**INSTRUCTIONS FOR THE TASK**:
Down to the final line, reproduce the entries that follow exactly.

※ ※ ※

lemma rconj_root_word_diff:
  assumes "root_ok n (DiffR a b)" "k < n"
  shows "word_eq n (rconj k (root_word (DiffR a b))) (root_word (root_refl k (DiffR a b)))
         \<and> root_ok n (root_refl k (DiffR a b))"
proof -
  have ab: "1 \<le> a" "a < b" "b \<le> n" using assms by auto
  consider "k = 0" "a = 1" | "k \<noteq> 0" "k + 1 = a" | "k = a" "b = a + 1" | "k = a" "b \<noteq> a + 1"
    | "k \<noteq> a" "k + 1 = b" | "k = b" | "k \<noteq> a - 1" "k \<noteq> a" "k \<noteq> b - 1" "k \<noteq> b" by arith
  then show ?thesis
  proof cases
    case 1 then show ?thesis using assms ab by (auto intro!: word_eq_refl valid_e_diff)
  next
    case 2
    then have "root_refl k (DiffR a b) = DiffR k b" using ab by (auto simp: swap_adj_def)
    then show ?thesis using 2 assms ab e_diff_lower_lower[of a b n] by (auto simp del: root_refl.simps)
  next
    case 3
    then have "root_refl k (DiffR a b) = DiffR a b" using ab by (auto simp: swap_adj_def)
    then show ?thesis using 3 assms ab rconj_e_self[of a n] by (auto simp del: root_refl.simps)
  next
    case 4
    then have "root_refl k (DiffR a b) = DiffR (a+1) b" using ab by (auto simp: swap_adj_def)
    then show ?thesis using 4 assms ab e_diff_raise_lower[of a b n] by (auto simp del: root_refl.simps)
  next
    case 5
    then have "root_refl k (DiffR a b) = DiffR a k" using ab by (auto simp: swap_adj_def)
    then show ?thesis using 5 assms ab e_diff_lower_upper[of a b n] by (auto simp del: root_refl.simps)
  next
    case 6
    then have "root_refl k (DiffR a b) = DiffR a (b+1)" using ab by (auto simp: swap_adj_def)
    then show ?thesis using 6 assms ab by (auto intro!: word_eq_refl valid_e_diff)
  next
    case 7
    then have "root_refl k (DiffR a b) = DiffR a b" using ab by (auto simp: swap_adj_def)
    then show ?thesis using 7 assms ab e_diff_fixed[of a b n k] by (auto simp del: root_refl.simps)
  qed
qed
lemma last_exit_from_closed:
  fixes f :: "real \<Rightarrow> 'a::metric_space"
  assumes f: "continuous_on {a..t1} f" and "a \<le> t1" "closed K" "f a \<in> K" "f t1 \<notin> K"
  obtains s where "a \<le> s" "s < t1" "f s \<in> frontier K" "\<And>t. s < t \<Longrightarrow> t \<le> t1 \<Longrightarrow> f t \<notin> K"
proof -
  define P where "P = {a..t1} \<inter> f -` K"
  have "closed P"
    unfolding P_def using f \<open>closed K\<close> by (intro continuous_closed_preimage) auto
  moreover have "a \<in> P" "bdd_above P"
    using assms by (auto simp: P_def intro: bdd_aboveI[of _ t1])
  ultimately have "Sup P \<in> P" and Sup_upper: "\<And>t. t \<in> P \<Longrightarrow> t \<le> Sup P"
    using closed_contains_Sup cSup_upper by blast+
  define s where "s = Sup P"
  have s: "a \<le> s" "s \<le> t1" "f s \<in> K"
    using \<open>Sup P \<in> P\<close> by (auto simp: s_def P_def)
  have after: "f t \<notin> K" if "s < t" "t \<le> t1" for t
    using that s Sup_upper[of t] by (auto simp: s_def P_def)
  have "s < t1"
    using s \<open>f t1 \<notin> K\<close> by (auto simp: le_less)
  have "f s \<notin> interior K"
  proof
    assume "f s \<in> interior K"
    then obtain e where "e > 0" "ball (f s) e \<subseteq> K"
      using mem_interior by blast
    moreover obtain d where "d > 0" and d: "\<And>t. t \<in> {a..t1} \<Longrightarrow> dist t s < d \<Longrightarrow> dist (f t) (f s) < e"
      using f s \<open>e > 0\<close> unfolding continuous_on_iff by (meson atLeastAtMost_iff)
    define t where "t = s + min (d / 2) (t1 - s)"
    have "s < t" "t \<le> t1" "dist (f t) (f s) < e"
      using \<open>d > 0\<close> \<open>s < t1\<close> s by (auto simp: t_def dist_real_def intro!: d)
    ultimately show False
      using after[of t] by (auto simp: dist_commute subset_iff)
  qed
  then have "f s \<in> frontier K"
    using s \<open>closed K\<close> by (simp add: frontier_def)
  with s \<open>s < t1\<close> after that show thesis
    by blast
qed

※ ※ ※

**ANSWER TO THIS PROBLEM**:
lemma rconj_root_word_diff:
  assumes "root_ok n (DiffR a b)" "k < n"
  shows "word_eq n (rconj k (root_word (DiffR a b))) (root_word (root_refl k (DiffR a b)))
         \<and> root_ok n (root_refl k (DiffR a b))"
proof -
  have ab: "1 \<le> a" "a < b" "b \<le> n" using assms by auto
  consider "k = 0" "a = 1" | "k \<noteq> 0" "k + 1 = a" | "k = a" "b = a + 1" | "k = a" "b \<noteq> a + 1"
    | "k \<noteq> a" "k + 1 = b" | "k = b" | "k \<noteq> a - 1" "k \<noteq> a" "k \<noteq> b - 1" "k \<noteq> b" by arith
  then show ?thesis
  proof cases
    case 1 then show ?thesis using assms ab by (auto intro!: word_eq_refl valid_e_diff)
  next
    case 2
    then have "root_refl k (DiffR a b) = DiffR k b" using ab by (auto simp: swap_adj_def)
    then show ?thesis using 2 assms ab e_diff_lower_lower[of a b n] by (auto simp del: root_refl.simps)
  next
    case 3
    then have "root_refl k (DiffR a b) = DiffR a b" using ab by (auto simp: swap_adj_def)
    then show ?thesis using 3 assms ab rconj_e_self[of a n] by (auto simp del: root_refl.simps)
  next
    case 4
    then have "root_refl k (DiffR a b) = DiffR (a+1) b" using ab by (auto simp: swap_adj_def)
    then show ?thesis using 4 assms ab e_diff_raise_lower[of a b n] by (auto simp del: root_refl.simps)
  next
    case 5
    then have "root_refl k (DiffR a b) = DiffR a k" using ab by (auto simp: swap_adj_def)
    then show ?thesis using 5 assms ab e_diff_lower_upper[of a b n] by (auto simp del: root_refl.simps)
  next
    case 6
    then have "root_refl k (DiffR a b) = DiffR a (b+1)" using ab by (auto simp: swap_adj_def)
    then show ?thesis using 6 assms ab by (auto intro!: word_eq_refl valid_e_diff)
  next
    case 7
    then have "root_refl k (DiffR a b) = DiffR a b" using ab by (auto simp: swap_adj_def)
    then show ?thesis using 7 assms ab e_diff_fixed[of a b n k] by (auto simp del: root_refl.simps)
  qed
qed
lemma last_exit_from_closed:
  fixes f :: "real \<Rightarrow> 'a::metric_space"
  assumes f: "continuous_on {a..t1} f" and "a \<le> t1" "closed K" "f a \<in> K" "f t1 \<notin> K"
  obtains s where "a \<le> s" "s < t1" "f s \<in> frontier K" "\<And>t. s < t \<Longrightarrow> t \<le> t1 \<Longrightarrow> f t \<notin> K"
proof -
  define P where "P = {a..t1} \<inter> f -` K"
  have "closed P"
    unfolding P_def using f \<open>closed K\<close> by (intro continuous_closed_preimage) auto
  moreover have "a \<in> P" "bdd_above P"
    using assms by (auto simp: P_def intro: bdd_aboveI[of _ t1])
  ultimately have "Sup P \<in> P" and Sup_upper: "\<And>t. t \<in> P \<Longrightarrow> t \<le> Sup P"
    using closed_contains_Sup cSup_upper by blast+
  define s where "s = Sup P"
  have s: "a \<le> s" "s \<le> t1" "f s \<in> K"
    using \<open>Sup P \<in> P\<close> by (auto simp: s_def P_def)
  have after: "f t \<notin> K" if "s < t" "t \<le> t1" for t
    using that s Sup_upper[of t] by (auto simp: s_def P_def)
  have "s < t1"
    using s \<open>f t1 \<notin> K\<close> by (auto simp: le_less)
  have "f s \<notin> interior K"
  proof
    assume "f s \<in> interior K"
    then obtain e where "e > 0" "ball (f s) e \<subseteq> K"
      using mem_interior by blast
    moreover obtain d where "d > 0" and d: "\<And>t. t \<in> {a..t1} \<Longrightarrow> dist t s < d \<Longrightarrow> dist (f t) (f s) < e"
      using f s \<open>e > 0\<close> unfolding continuous_on_iff by (meson atLeastAtMost_iff)
    define t where "t = s + min (d / 2) (t1 - s)"
    have "s < t" "t \<le> t1" "dist (f t) (f s) < e"
      using \<open>d > 0\<close> \<open>s < t1\<close> s by (auto simp: t_def dist_real_def intro!: d)
    ultimately show False
      using after[of t] by (auto simp: dist_commute subset_iff)
  qed
  then have "f s \<in> frontier K"
    using s \<open>closed K\<close> by (simp add: frontier_def)
  with s \<open>s < t1\<close> after that show thesis
    by blast
qed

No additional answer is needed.